First Silicon Quantum Computer: Quantum Motion delivers the industry’s first full-stack silicon CMOS quantum computer to the UK’s NQCC.
Scalable Architecture: Uses standard 300mm CMOS wafer technology, enabling millions of qubits for fault-tolerant computing.
Data-Center Friendly: Compact design fits in three 19-inch server racks, compatible with standard data-center environments.
Silicon quantum computing has reached a key moment with Quantum Motion’s delivery of the industry’s first full-stack quantum computer using standard silicon Complementary Metal-Oxide-Semiconductor (CMOS) technology. Installed at the United Kingdom’s National Quantum Computing Centre (NQCC) on September 15, 2025, this system marks the first silicon spin-qubit computer integrated into the NQCC’s Quantum Computing Testbed Programme. By leveraging the same transistor technology found in conventional computers, Quantum Motion demonstrates a scalable, mass-producible approach to quantum computing that could transform industries like healthcare and energy.
The system integrates Quantum Motion’s Quantum Processing Unit (QPU) with a user-friendly interface and control stack compatible with industry-standard software frameworks like Qiskit and Cirq. For example, this compatibility allows developers to seamlessly adapt existing quantum algorithms to the platform. Occupying just three 19-inch server racks, the system includes a dilution refrigerator and control electronics, with auxiliary equipment designed to sit separately. This compact, data-center-friendly footprint supports upgrades to larger QPUs without altering the system’s physical layout, ensuring long-term scalability.
“This is quantum computing’s silicon moment,”
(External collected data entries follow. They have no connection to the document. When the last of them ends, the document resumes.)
lemma refinement_mask_Suc_Suc:
  assumes "1 \<le> n"
  shows "refinement_mask n (Suc (Suc k)) i * (real n * y - of_int i)
         + refinement_mask n (Suc (Suc k)) (i - 1) * (real k + 1 - real n * y + of_int i)
       = y * refinement_mask n (Suc k) i + (real k + 2 - y) * refinement_mask n (Suc k) (i - int n)"
proof -
  define C2 where "C2 = box_coeff n (Suc (Suc k))"
  define C1 where "C1 = box_coeff n (Suc k)"
  have "C2 i * (real n * y - of_int i) + C2 (i - 1) * (real k + 1 - real n * y + of_int i)
      = real n * y * (C2 i - C2 (i - 1)) + (- of_int i * C2 i + (real (Suc k) + of_int i) * C2 (i - 1))"
    by (simp add: algebra_simps)
  also have "\<dots> = real n * (y * C1 i + (real k + 2 - y) * C1 (i - int n))"
    unfolding C1_def C2_def box_coeff_Suc_diff box_coeff_Suc_weighted_diff by (simp add: algebra_simps)
  finally have H: "C2 i * (real n * y - of_int i) + C2 (i - 1) * (real k + 1 - real n * y + of_int i)
      = real n * (y * C1 i + (real k + 2 - y) * C1 (i - int n))" .
  have mask2: "refinement_mask n (Suc (Suc k)) j = C2 j / (real n * real n ^ k)" for j
    by (simp add: refinement_mask_def C2_def)
  have mask1: "refinement_mask n (Suc k) j = C1 j / real n ^ k" for j
    by (simp add: refinement_mask_def C1_def)
  have "real n \<noteq> 0" using assms by simp
  then show ?thesis
    unfolding mask1 mask2 using arg_cong[OF H, of "\<lambda>u. u / (real n * real n ^ k)"]
    by (simp add: add_divide_distrib)
qed

lemma bspline_one_refinement:
  assumes "1 \<le> n"
  shows "bspline 1 y = Sum_any (\<lambda>j. refinement_mask n 1 j * bspline 1 (real n * y - of_int j))"
proof -
  let ?f = "\<lfloor>real n * y\<rfloor>"
  have mask: "refinement_mask n 1 j = (if 0 \<le> j \<and> j < int n then 1 else 0)" for j
    by (simp only: refinement_mask_def One_nat_def box_coeff_one) simp
  have "refinement_mask n 1 j * bspline 1 (real n * y - of_int j)
      = (if j = ?f then if 0 \<le> ?f \<and> ?f < int n then 1 else 0 else 0)" for j
    by (simp only: mask bspline_one_eq_indicator) simp
  then have "Sum_any (\<lambda>j. refinement_mask n 1 j * bspline 1 (real n * y - of_int j))
      = (if 0 \<le> ?f \<and> ?f < int n then 1 else 0)"
    by simp
  also have "(0 \<le> ?f \<and> ?f < int n) \<longleftrightarrow> (0 \<le> y \<and> y < 1)"
    using assms by (auto simp: floor_less_iff zero_le_mult_iff)
  finally show ?thesis by simp
qed

text \<open>The Cox--de Boor recurrence for \<open>Q\<^sub>k\<^sub>+\<^sub>2(n y - j)\<close>, regrouped by \<open>refinement_mask_Suc_Suc\<close>
  into the shape of the recurrence for \<open>Q\<^sub>k\<^sub>+\<^sub>2(y)\<close>.\<close>
lemma Sum_any_refinement_mask_bspline_Suc_Suc:
  assumes "1 \<le> n"
  shows "Sum_any (\<lambda>j. refinement_mask n (Suc (Suc k)) j * bspline (Suc (Suc k)) (real n * y - of_int j))
       = Sum_any (\<lambda>i. y / real (Suc k)
                        * (refinement_mask n (Suc k) i * bspline (Suc k) (real n * y - of_int i))
                   + (real k + 2 - y) / real (Suc k)
                        * (refinement_mask n (Suc k) (i - int n) * bspline (Suc k) (real n * y - of_int i)))"
proof -
  define z where "z = real n * y"
  define a2 where "a2 = refinement_mask n (Suc (Suc k))"
  define a1 where "a1 = refinement_mask n (Suc k)"
  define Q where "Q = bspline (Suc k)"
  define A where "A j = a2 j * (z - of_int j) * Q (z - of_int j) / real (Suc k)" for j
  define B where "B i = a2 (i - 1) * (real k + 1 - z + of_int i) * Q (z - of_int i) / real (Suc k)" for i
  have fin_a2: "finite {j. a2 (j - s) \<noteq> 0}" for s
    unfolding a2_def by (rule finite_refinement_mask_support)
  have "Sum_any (\<lambda>j. a2 j * bspline (Suc (Suc k)) (z - of_int j)) = Sum_any (\<lambda>j. A j + B (j + 1))"
  proof (rule Sum_any.cong)
    fix j
    have "a2 j * bspline (Suc (Suc k)) (z - of_int j)
        = a2 j * (((z - of_int j) * Q (z - of_int j)
                   + (real k + 2 - (z - of_int j)) * Q (z - of_int (j + 1))) / real (Suc k))"
      by (simp only: Q_def bspline_Suc_Suc_translate)
    also have "\<dots> = A j + B (j + 1)"
      by (simp add: A_def B_def add_divide_distrib diff_divide_distrib algebra_simps)
    finally show "a2 j * bspline (Suc (Suc k)) (z - of_int j) = A j + B (j + 1)" .
  qed
  also have "\<dots> = Sum_any (\<lambda>i. A i + B i)"
    by (rule Sum_any_int_add_shift)
      (rule finite_nonzero_mono[OF fin_a2[of 0]], simp add: A_def,
       rule finite_nonzero_mono[OF fin_a2[of 1]], simp add: B_def)
  also have "\<dots> = Sum_any (\<lambda>i. y / real (Suc k) * (a1 i * Q (z - of_int i))
                    + (real k + 2 - y) / real (Suc k) * (a1 (i - int n) * Q (z - of_int i)))"
  proof (rule Sum_any.cong)
    fix i
    have split: "(y * a + b * c) * q / r = y / r * (a * q) + b / r * (c * q)" for a b c q r :: real
      by (simp add: add_divide_distrib algebra_simps)
    have "A i + B i = (a2 i * (z - of_int i) + a2 (i - 1) * (real k + 1 - z + of_int i))
                       * Q (z - of_int i) / real (Suc k)"
      by (simp add: A_def B_def add_divide_distrib distrib_right)
    also have "\<dots> = (y * a1 i + (real k + 2 - y) * a1 (i - int n)) * Q (z - of_int i) / real (Suc k)"
      unfolding a1_def a2_def z_def using assms by (simp only: refinement_mask_Suc_Suc)
    finally show "A i + B i = y / real (Suc k) * (a1 i * Q (z - of_int i))
                    + (real k + 2 - y) / real (Suc k) * (a1 (i - int n) * Q (z - of_int i))"
      by (simp only: split)
  qed
  finally show ?thesis
    by (simp only: z_def a1_def a2_def Q_def)
qed

lemma bspline_refinement:
  assumes "1 \<le> m" "1 \<le> n"
  shows "bspline m y = Sum_any (\<lambda>j. refinement_mask n m j * bspline m (real n * y - of_int j))"
  using assms(1)
proof (induction m arbitrary: y rule: nat_induct_at_least)
  case base
  show ?case using assms(2) by (rule bspline_one_refinement)
next
  case (Suc mm)
  then obtain k where k: "mm = Suc k" by (metis Suc_le_D One_nat_def)
  define a where "a = refinement_mask n (Suc k)"
  define Q where "Q = bspline (Suc k)"
  have IH: "Q u = Sum_any (\<lambda>j. a j * Q (real n * u - of_int j))" for u
    unfolding Q_def a_def k[symmetric] by (rule Suc.IH)
  have fin_a: "finite {i. a (i - s) * Q (real n * y - of_int i) \<noteq> 0}" for s
    by (rule finite_nonzero_mono[OF finite_refinement_mask_support[of n "Suc k" s]]) (simp add: a_def)
  have fin_a0: "finite {i. a i * Q (real n * y - of_int i) \<noteq> 0}"
    using fin_a[of 0] by simp
  have "Sum_any (\<lambda>j. refinement_mask n (Suc mm) j * bspline (Suc mm) (real n * y - of_int j))
      = y / real (Suc k) * Sum_any (\<lambda>i. a i * Q (real n * y - of_int i))
        + (real k + 2 - y) / real (Suc k) * Sum_any (\<lambda>i. a (i - int n) * Q (real n * y - of_int i))"
    unfolding k Sum_any_refinement_mask_bspline_Suc_Suc[OF assms(2)] a_def[symmetric] Q_def[symmetric]
    by (rule Sum_any_lincomb[OF fin_a0 fin_a])
  also have "Sum_any (\<lambda>i. a i * Q (real n * y - of_int i)) = Q y"
    by (rule IH[symmetric])
  also have "Sum_any (\<lambda>i. a (i - int n) * Q (real n * y - of_int i))
      = Sum_any (\<lambda>j. a j * Q (real n * (y - 1) - of_int j))"
    by (subst Sum_any_int_shift[where s = "int n", symmetric]) (simp add: algebra_simps)
  also have "\<dots> = Q (y - 1)"
    by (rule IH[symmetric])
  also have "y / real (Suc k) * Q y + (real k + 2 - y) / real (Suc k) * Q (y - 1) = bspline (Suc mm) y"
    unfolding k Q_def by (simp add: add_divide_distrib)
  finally show ?case ..
qed

lemma bspline_refinement_translate:
  assumes "1 \<le> m" "1 \<le> n"
  shows "bspline m (y - of_int s) = (\<Sum>j\<in>{int n * s .. int n * s + (int n - 1) * int m}.
           refinement_mask n m (j - int n * s) * bspline m (real n * y - of_int j))"
proof -
  have "bspline m (y - of_int s)
      = Sum_any (\<lambda>j. refinement_mask n m j * bspline m (real n * (y - of_int s) - of_int j))"
    by (rule bspline_refinement[OF assms])
  also have "\<dots> = Sum_any (\<lambda>j. refinement_mask n m (j - int n * s) * bspline m (real n * y - of_int j))"
    by (subst (2) Sum_any_int_shift[where s = "int n * s", symmetric]) (simp add: algebra_simps)
  also have "\<dots> = (\<Sum>j\<in>{int n * s .. int n * s + (int n - 1) * int m}.
           refinement_mask n m (j - int n * s) * bspline m (real n * y - of_int j))"
    by (rule Sum_any.expand_superset)
      (auto simp: refinement_mask_def dest: box_coeff_nonzero_imp_bounds)
  finally show ?thesis .
qed

section \<open>Tensor-product B-splines\<close>

definition list_box :: "nat \<Rightarrow> (nat \<Rightarrow> 'a set) \<Rightarrow> 'a list set" where
  "list_box d S = {js. length js = d \<and> (\<forall>k<d. js ! k \<in> S k)}"

lemma bij_betw_PiE_list_box: "bij_betw (\<lambda>g. map g [0..<d]) (PiE {..<d} S) (list_box d S)"
proof (rule bij_betw_byWitness[where f' = "\<lambda>js. restrict (\<lambda>k. js ! k) {..<d}"])
  show "\<forall>g\<in>PiE {..<d} S. restrict (\<lambda>k. map g [0..<d] ! k) {..<d} = g"
  proof
    fix g assume "g \<in> PiE {..<d} S"
    moreover have "restrict (\<lambda>k. map g [0..<d] ! k) {..<d} = restrict g {..<d}"
      by (rule restrict_ext) simp
    ultimately show "restrict (\<lambda>k. map g [0..<d] ! k) {..<d} = g"
      by simp
  qed
  show "\<forall>js\<in>list_box d S. map (\<lambda>k. restrict (\<lambda>k. js ! k) {..<d} k) [0..<d] = js"
  proof
    fix js assume "js \<in> list_box d S"
    then have "length js = d" by (simp add: list_box_def)
    then show "map (\<lambda>k. restrict (\<lambda>k. js ! k) {..<d} k) [0..<d] = js"
      by (intro nth_equalityI) simp_all
  qed
  show "(\<lambda>g. map g [0..<d]) ` PiE {..<d} S \<subseteq> list_box d S"
    by (rule image_subsetI) (simp add: list_box_def PiE_iff)
  show "(\<lambda>js. restrict (\<lambda>k. js ! k) {..<d}) ` list_box d S \<subseteq> PiE {..<d} S"
    by (rule image_subsetI) (simp add: list_box_def PiE_iff)
qed

lemma finite_list_box: "(\<And>k. k < d \<Longrightarrow> finite (S k)) \<Longrightarrow> finite (list_box d S)"
  using bij_betw_finite[OF bij_betw_PiE_list_box, of d S] finite_PiE[of "{..<d}" S] by auto

lemma prod_sum_eq_sum_list_box:
  fixes f :: "nat \<Rightarrow> 'a \<Rightarrow> 'b::comm_semiring_1"
  assumes "\<And>k. k < d \<Longrightarrow> finite (S k)"
  shows "(\<Prod>k<d. \<Sum>j\<in>S k. f k j) = (\<Sum>js\<in>list_box d S. \<Prod>k<d. f k (js ! k))"
proof -
  have "(\<Prod>k<d. \<Sum>j\<in>S k. f k j) = (\<Sum>g\<in>PiE {..<d} S. \<Prod>k<d. f k (g k))"
    by (rule prod_sum_PiE) (auto simp: assms)
  also have "\<dots> = (\<Sum>g\<in>PiE {..<d} S. \<Prod>k<d. f k (map g [0..<d] ! k))"
    by (rule sum.cong[OF refl], rule prod.cong) simp_all
  also have "\<dots> = (\<Sum>js\<in>list_box d S. \<Prod>k<d. f k (js ! k))"
    by (rule sum.reindex_bij_betw[OF bij_betw_PiE_list_box])
  finally show ?thesis .
qed

lemma B0_eq_list_box: "B0 d m = Pair 0 ` list_box d (\<lambda>_. {-(int m - 1)..0})"
  by (auto simp: B0_def list_box_def)

lemma ch_eq_list_box:
  "ch n m (l, i) = Pair (Suc l) ` list_box (length i) (\<lambda>k. {int n * i!k .. int n * i!k + (int n - 1) * int m})"
  by (auto simp: ch_def list_box_def)

lemma finite_B0: "finite (B0 d m)"
  unfolding B0_eq_list_box by (simp add: finite_list_box)

lemma finite_ch: "finite (ch n m b)"
  by (cases b) (simp add: ch_eq_list_box finite_list_box)

lemma ch_level: "b' \<in> ch n m b \<Longrightarrow> fst b' = Suc (fst b)"
  by (auto simp: ch_def)

lemma sum_bspline_translates_unit_interval:
  assumes "2 \<le> m" "0 \<le> x" "x \<le> 1"
  shows "(\<Sum>j\<in>{-(int m - 1)..0}. bspline m (x - of_int j)) = 1"
proof -
  have support: "{j. bspline m (x - of_int j) \<noteq> 0} \<subseteq> {-(int m - 1)..0}"
  proof
    fix j assume "j \<in> {j. bspline m (x - of_int j) \<noteq> 0}"
    then have "bspline m (x - of_int j) \<noteq> 0" by simp
    then have "0 < x - of_int j" "x - of_int j < real m"
      using bspline_nonzero_imp_pos[OF assms(1)] bspline_nonzero_imp_bounds by blast+
    with assms(2,3) have "- int m < j" "j < 1"
      by linarith+
    then show "j \<in> {-(int m - 1)..0}" by simp
  qed
  have "(\<Sum>j\<in>{-(int m - 1)..0}. bspline m (x - of_int j)) = Sum_any (\<lambda>j. bspline m (x - of_int j))"
    by (rule Sum_any.expand_superset[symmetric, OF finite_atLeastAtMost_int support])
  also have "\<dots> = 1"
    using assms(1) by (simp add: Sum_any_bspline_translates)
  finally show ?thesis .
qed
— James Palles-Dimmock, CEO, Quantum Motion
A Scalable Quantum Future
Unlike other quantum computing approaches, Quantum Motion employs high-volume industrial chipmaking to produce qubits using 300mm CMOS wafer technology from commercial foundries. This method, rooted in the same processes used for mobile phones and AI GPUs, enables the creation of dense, scalable qubit arrays. Consequently, the architecture supports expansion to millions of qubits per QPU, paving the way for fault-tolerant, utility-scale quantum computing. Additionally, the system incorporates AI-driven machine-learning tuning for automated control and calibration, enhancing operational efficiency.
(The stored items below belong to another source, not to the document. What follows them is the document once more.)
lemma descends_at_fin_dist_mono:
  assumes lam: "0 \<le> lam" "lam \<le> lam'" and p: "prob_seq p" "prob_seq p'" "\<And>l. p l \<le> p' l"
    and desc: "descends_at k (fin_dist lam' p' n)"
  shows "descends_at k (fin_dist lam p n)"
proof -
  have "descends_at k (fin_dist lam' (\<lambda>x. if x < n then p x else p' x) n)"
  proof (rule replace_coordinates_induct[where P = "\<lambda>r. descends_at k (fin_dist lam' r n)"])
    fix r j
    assume j: "j < n" and r: "\<And>x. r x = p' x \<or> r x = p x" "r j = p' j"
      and desc_r: "descends_at k (fin_dist lam' r n)"
    let ?G = "fin_dist lam' (r(j := 0)) n"
    have "prob_seq r"
      using p r(1) unfolding prob_seq_def by metis
    then have G: "log_concave_seq ?G"
      using lam by (intro log_concave_fin_dist prob_seq_fun_upd) auto
    have "fin_dist lam' r n = bernoulli_conv (p' j) ?G"
      using fin_dist_fun_upd[OF j, of lam' r "p' j"] r(2)[symmetric] by simp
    with desc_r have "descends_at k (bernoulli_conv (p' j) ?G)"
      by simp
    moreover have "0 \<le> p j" "p j \<le> p' j" "p' j \<le> 1"
      using p by (auto simp: prob_seq_def)
    ultimately have "descends_at k (bernoulli_conv (p j) ?G)"
      using descends_at_bernoulli_conv_mono[OF G] by blast
    then show "descends_at k (fin_dist lam' (r(j := p j)) n)"
      unfolding fin_dist_fun_upd[OF j, of lam' r "p j"] .
  qed (use desc in simp)
  moreover have "fin_dist lam' (\<lambda>x. if x < n then p x else p' x) n = conv (poisson_seq (lam' - lam)) (fin_dist lam p n)"
    using fin_dist_add_rate[of lam "lam' - lam" p n] fin_dist_cong[of n "\<lambda>x. if x < n then p x else p' x" p]
    by simp
  ultimately have "descends_at k (conv (poisson_seq (lam' - lam)) (fin_dist lam p n))"
    by simp
  moreover have "0 \<le> poisson_seq (lam' - lam) i" for i
    using lam by (simp add: poisson_seq_nonneg)
  ultimately show ?thesis
    using descends_at_of_conv[OF log_concave_fin_dist[OF lam(1) p(1)]] poisson_seq_0_pos by blast
qed

lemma fin_dist_mono_params:
  assumes lam: "0 \<le> lam" "lam \<le> lam'"
    and p: "prob_seq p" "prob_seq p'" "\<And>l. p l \<le> q l" "\<And>l. q l \<le> p' l"
    and desc: "descends_at k (fin_dist lam' p' n)"
  shows "fin_dist lam p n (Suc k) \<le> fin_dist lam q n (Suc k)"
proof -
  have "fin_dist lam p n (Suc k) \<le> fin_dist lam (\<lambda>x. if x < n then q x else p x) n (Suc k)"
  proof (rule replace_coordinates_induct[where P = "\<lambda>r. fin_dist lam p n (Suc k) \<le> fin_dist lam r n (Suc k)"])
    fix r j
    assume j: "j < n" and r: "\<And>x. r x = p x \<or> r x = q x" "r j = p j"
      and le_r: "fin_dist lam p n (Suc k) \<le> fin_dist lam r n (Suc k)"
    let ?G = "fin_dist lam (r(j := 0)) n"
    have r_le: "0 \<le> r x" "r x \<le> p' x" for x
      using p r(1)[of x] order_trans[OF p(3) p(4)] order_trans[of 0 "p x" "q x"]
      by (auto simp: prob_seq_def)
    have "prob_seq (r(j := 0))" "(r(j := 0)) x \<le> p' x" for x
      using r_le order_trans[OF r_le(2)] p(2) by (simp_all add: prob_seq_def)
    then have "descends_at k ?G"
      by (intro descends_at_fin_dist_mono[OF lam _ p(2) _ desc])
    then have G_desc: "?G (Suc k) \<le> ?G k"
      by (simp add: descends_at_def)
    have upd: "fin_dist lam (r(j := s)) n (Suc k) = ?G (Suc k) + s * (?G k - ?G (Suc k))" for s
      unfolding fin_dist_fun_upd[OF j, of lam r s] by (simp add: bernoulli_conv_def shift_def algebra_simps)
    have "fin_dist lam (r(j := p j)) n (Suc k) \<le> fin_dist lam (r(j := q j)) n (Suc k)"
      unfolding upd[of "p j"] upd[of "q j"] using G_desc p(3)[of j] by (simp add: mult_right_mono)
    then show "fin_dist lam p n (Suc k) \<le> fin_dist lam (r(j := q j)) n (Suc k)"
      using le_r r(2) by (simp add: fun_upd_idem)
  qed simp
  moreover have "fin_dist lam (\<lambda>x. if x < n then q x else p x) n = fin_dist lam q n"
    by (rule fin_dist_cong) simp
  ultimately show ?thesis
    by simp
qed

section \<open>The limit law\<close>

lemma admissible_fun_upd:
  assumes "admissible lam p" "0 \<le> q" "q \<le> 1"
  shows "admissible lam (p(j := q))"
proof -
  have "summable (p(j := q))"
  proof (rule summable_comparison_test'[of p "Suc j"])
    show "norm ((p(j := q)) n) \<le> p n" if "Suc j \<le> n" for n
      using assms that by (auto simp: admissible_def prob_seq_def)
  qed (use assms in \<open>simp add: admissible_def\<close>)
  then show ?thesis
    using assms by (simp add: admissible_def prob_seq_fun_upd)
qed

lemma fin_dist_LIMSEQ:
  assumes "admissible lam p"
  shows "(\<lambda>n. fin_dist lam p n k) \<longlonglongrightarrow> f k lam p"
proof -
  have lam: "0 \<le> lam" and p: "prob_seq p" "summable p"
    using assms by (auto simp: admissible_def)
  define d where "d n = fin_dist lam p (Suc n) k - fin_dist lam p n k" for n
  have "norm (d n) \<le> p n" for n
  proof -
    have "d n = p n * (shift (fin_dist lam p n) k - fin_dist lam p n k)"
      by (simp add: d_def fin_dist_Suc bernoulli_conv_def algebra_simps)
    moreover have "\<bar>shift (fin_dist lam p n) k - fin_dist lam p n k\<bar> \<le> 1"
      using fin_dist_nonneg[OF lam p(1), of n] fin_dist_le_1[OF lam p(1), of n]
      by (simp add: shift_def abs_le_iff) (smt (verit))
    moreover have "0 \<le> p n"
      using p(1) by (simp add: prob_seq_def)
    ultimately show ?thesis
      by (simp add: abs_mult mult_left_le)
  qed
  then have "summable d"
    by (intro summable_comparison_test'[OF p(2), of 0]) auto
  then have "(\<lambda>n. fin_dist lam p 0 k + (\<Sum>i<n. d i)) \<longlonglongrightarrow> fin_dist lam p 0 k + suminf d"
    by (intro tendsto_add tendsto_const summable_LIMSEQ)
  moreover have "fin_dist lam p 0 k + (\<Sum>i<n. d i) = fin_dist lam p n k" for n
    unfolding d_def using sum_lessThan_telescope[of "\<lambda>i. fin_dist lam p i k" n] by simp
  ultimately have "convergent (\<lambda>n. fin_dist lam p n k)"
    by (auto simp: convergent_def)
  then show ?thesis
    by (simp add: convergent_LIMSEQ_iff f_def)
qed

lemma f_nonneg: "admissible lam p \<Longrightarrow> 0 \<le> f k lam p"
  by (rule LIMSEQ_le_const[OF fin_dist_LIMSEQ]) (auto simp: admissible_def intro: fin_dist_nonneg)

lemma sum_f_le_1: "admissible lam p \<Longrightarrow> (\<Sum>k\<le>K. f k lam p) \<le> 1"
  by (rule LIMSEQ_le_const2[OF tendsto_sum[OF fin_dist_LIMSEQ]])
    (auto simp: admissible_def intro: sum_fin_dist_le_1)

(* All Bernoulli variables with index in {n..<N} vanish with probability at least
   1 - (\<Sum>l\<in>{n..<N}. p l). *)
lemma fin_dist_mult_partial_tail_le:
  assumes lam: "0 \<le> lam" and p: "prob_seq p" and "n \<le> N"
  shows "fin_dist lam p n i * (1 - (\<Sum>l\<in>{n..<N}. p l)) \<le> fin_dist lam p N i"
  using \<open>n \<le> N\<close>
proof (induction N rule: dec_induct)
  case (step N)
  let ?c = "fin_dist lam p n i" and ?S = "\<Sum>l\<in>{n..<N}. p l"
  have p01: "0 \<le> p x" "p x \<le> 1" for x
    using p by (auto simp: prob_seq_def)
  have "?c * (1 - (\<Sum>l\<in>{n..<Suc N}. p l)) \<le> (1 - p N) * (?c * (1 - ?S))"
    using step.hyps fin_dist_nonneg[OF lam p] p01 sum_nonneg[of "{n..<N}" p]
    by (simp add: algebra_simps)
  also have "\<dots> \<le> (1 - p N) * fin_dist lam p N i"
    using step.IH p01[of N] by (intro mult_left_mono) auto
  also have "\<dots> \<le> fin_dist lam p (Suc N) i"
    using fin_dist_nonneg[OF lam p] p01[of N]
    by (simp add: fin_dist_Suc bernoulli_conv_def shift_def)
  finally show ?case .
qed simp

lemma fin_dist_mult_tail_le_f:
  assumes adm: "admissible lam p"
  shows "fin_dist lam p n i * (1 - (\<Sum>l. p (l + n))) \<le> f i lam p"
proof (rule LIMSEQ_le_const[OF fin_dist_LIMSEQ[OF adm]], intro exI allI impI)
  fix N
  assume "n \<le> N"
  have lam: "0 \<le> lam" and p: "prob_seq p" "summable p"
    using adm by (auto simp: admissible_def)
  have "(\<Sum>l\<in>{n..<N}. p l) = (\<Sum>l<N - n. p (l + n))"
    using \<open>n \<le> N\<close> by (simp add: sum.shift_bounds_nat_ivl[of p 0 n "N - n", symmetric] lessThan_atLeast0)
  also have "\<dots> \<le> (\<Sum>l. p (l + n))"
    by (rule sum_le_suminf) (use p in \<open>auto simp: summable_iff_shift prob_seq_def\<close>)
  finally have "fin_dist lam p n i * (1 - (\<Sum>l. p (l + n)))
      \<le> fin_dist lam p n i * (1 - (\<Sum>l\<in>{n..<N}. p l))"
    using fin_dist_nonneg[OF lam p(1)] by (intro mult_left_mono) auto
  also have "\<dots> \<le> fin_dist lam p N i"
    by (rule fin_dist_mult_partial_tail_le[OF lam p(1) \<open>n \<le> N\<close>])
  finally show "fin_dist lam p n i * (1 - (\<Sum>l. p (l + n))) \<le> fin_dist lam p N i" .
qed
Quantum Motion’s QPU utilizes a tile-based architecture, integrating compute, readout, and control elements into a repeatable pattern on the chip. This design not only facilitates scalability but also allows for straightforward upgrades by swapping in next-generation QPUs. For instance, organizations can adopt more advanced quantum processors without overhauling their infrastructure. The company’s focus on cryoelectronics—integrating qubits with control circuits that operate at cryogenic temperatures—further supports extreme scaling, addressing one of the biggest challenges in quantum computing today.
“The NQCC is accelerating UK quantum capabilities by evaluating a number of diverse hardware platforms by leading companies worldwide. The successful installation of Quantum Motion’s system marks an important step forward in the NQCC’s quantum computing testbeds initiative.”
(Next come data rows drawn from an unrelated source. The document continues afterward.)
definition inW :: "(real \<Rightarrow> real) \<Rightarrow> (real \<Rightarrow> real) \<Rightarrow> bool" where
  "inW x g \<longleftrightarrow> weak_deriv_loc x g \<and>
     set_integrable lborel {..0} (\<lambda>t. (x t + 1)\<^sup>2) \<and>
     set_integrable lborel {..0} (\<lambda>t. (g t)\<^sup>2) \<and>
     set_integrable lborel {0..} (\<lambda>t. (x t - 1)\<^sup>2) \<and>
     set_integrable lborel {0..} (\<lambda>t. (g t)\<^sup>2)"

text \<open>The action functional with time-dependent coefficient c (nonnegative integrand,
so the integral is taken in [0,\<infinity>]).\<close>
definition action :: "(real \<Rightarrow> real) \<Rightarrow> (real \<Rightarrow> real) \<Rightarrow> (real \<Rightarrow> real) \<Rightarrow> (real \<Rightarrow> real) \<Rightarrow> ennreal" where
  "action c V x g = (\<integral>\<^sup>+ t. ennreal ((g t)\<^sup>2 / 2 + c t * V (x t)) \<partial>lborel)"

definition Binf :: "(real \<Rightarrow> real) \<Rightarrow> (real \<Rightarrow> real) \<Rightarrow> ennreal" where
  "Binf c V = (INF xg \<in> {(x, g). inW x g}. action c V (fst xg) (snd xg))"

end

theory Submission
  imports Defs
begin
— Dr Michael Cuthbert, Director of NQCC
Real-World Impact and Collaboration
The deployment at the NQCC, a key part of the UK’s National Quantum Technologies Programme (NQTP), positions Quantum Motion as a leader in silicon quantum computing. The NQCC collaborates with businesses, government, and researchers to scale quantum technologies, and this system will undergo rigorous testing to map real-world applications onto its architecture. For example, potential applications include faster drug discovery in healthcare and optimized energy grids for clean energy, as highlighted by UK Science Minister Lord Vallance. Quantum Motion’s interdisciplinary team of over 100 specialists across the UK, US, Australia, and Spain drives this innovation, combining expertise in quantum theory, hardware, and software engineering.
“Our National Quantum Computing Centre offers a unique space for innovators to trial new quantum technologies. This new form of quantum computer from Quantum Motion will take this groundbreaking technology another step closer to commercial viability – which could help support healthcare with faster drug discovery or clean energy by optimising energy grids.”
— Lord Vallance, UK Science Minister
Quantum Motion’s efforts extend beyond the NQCC, with involvement in the SiQEC silicon quantum error correction project and DARPA’s Quantum Benchmarking Initiative (QBI). By focusing on fault-tolerant systems, the company aims to solve intractable problems in fields like chemistry, materials science, and artificial intelligence. With this delivery, Quantum Motion is poised to bring commercially viable quantum computers to market this decade, offering a scalable, user-centric solution that could redefine computing. To explore this technology further, stakeholders can engage with Quantum Motion’s platform at the NQCC or through their ongoing projects.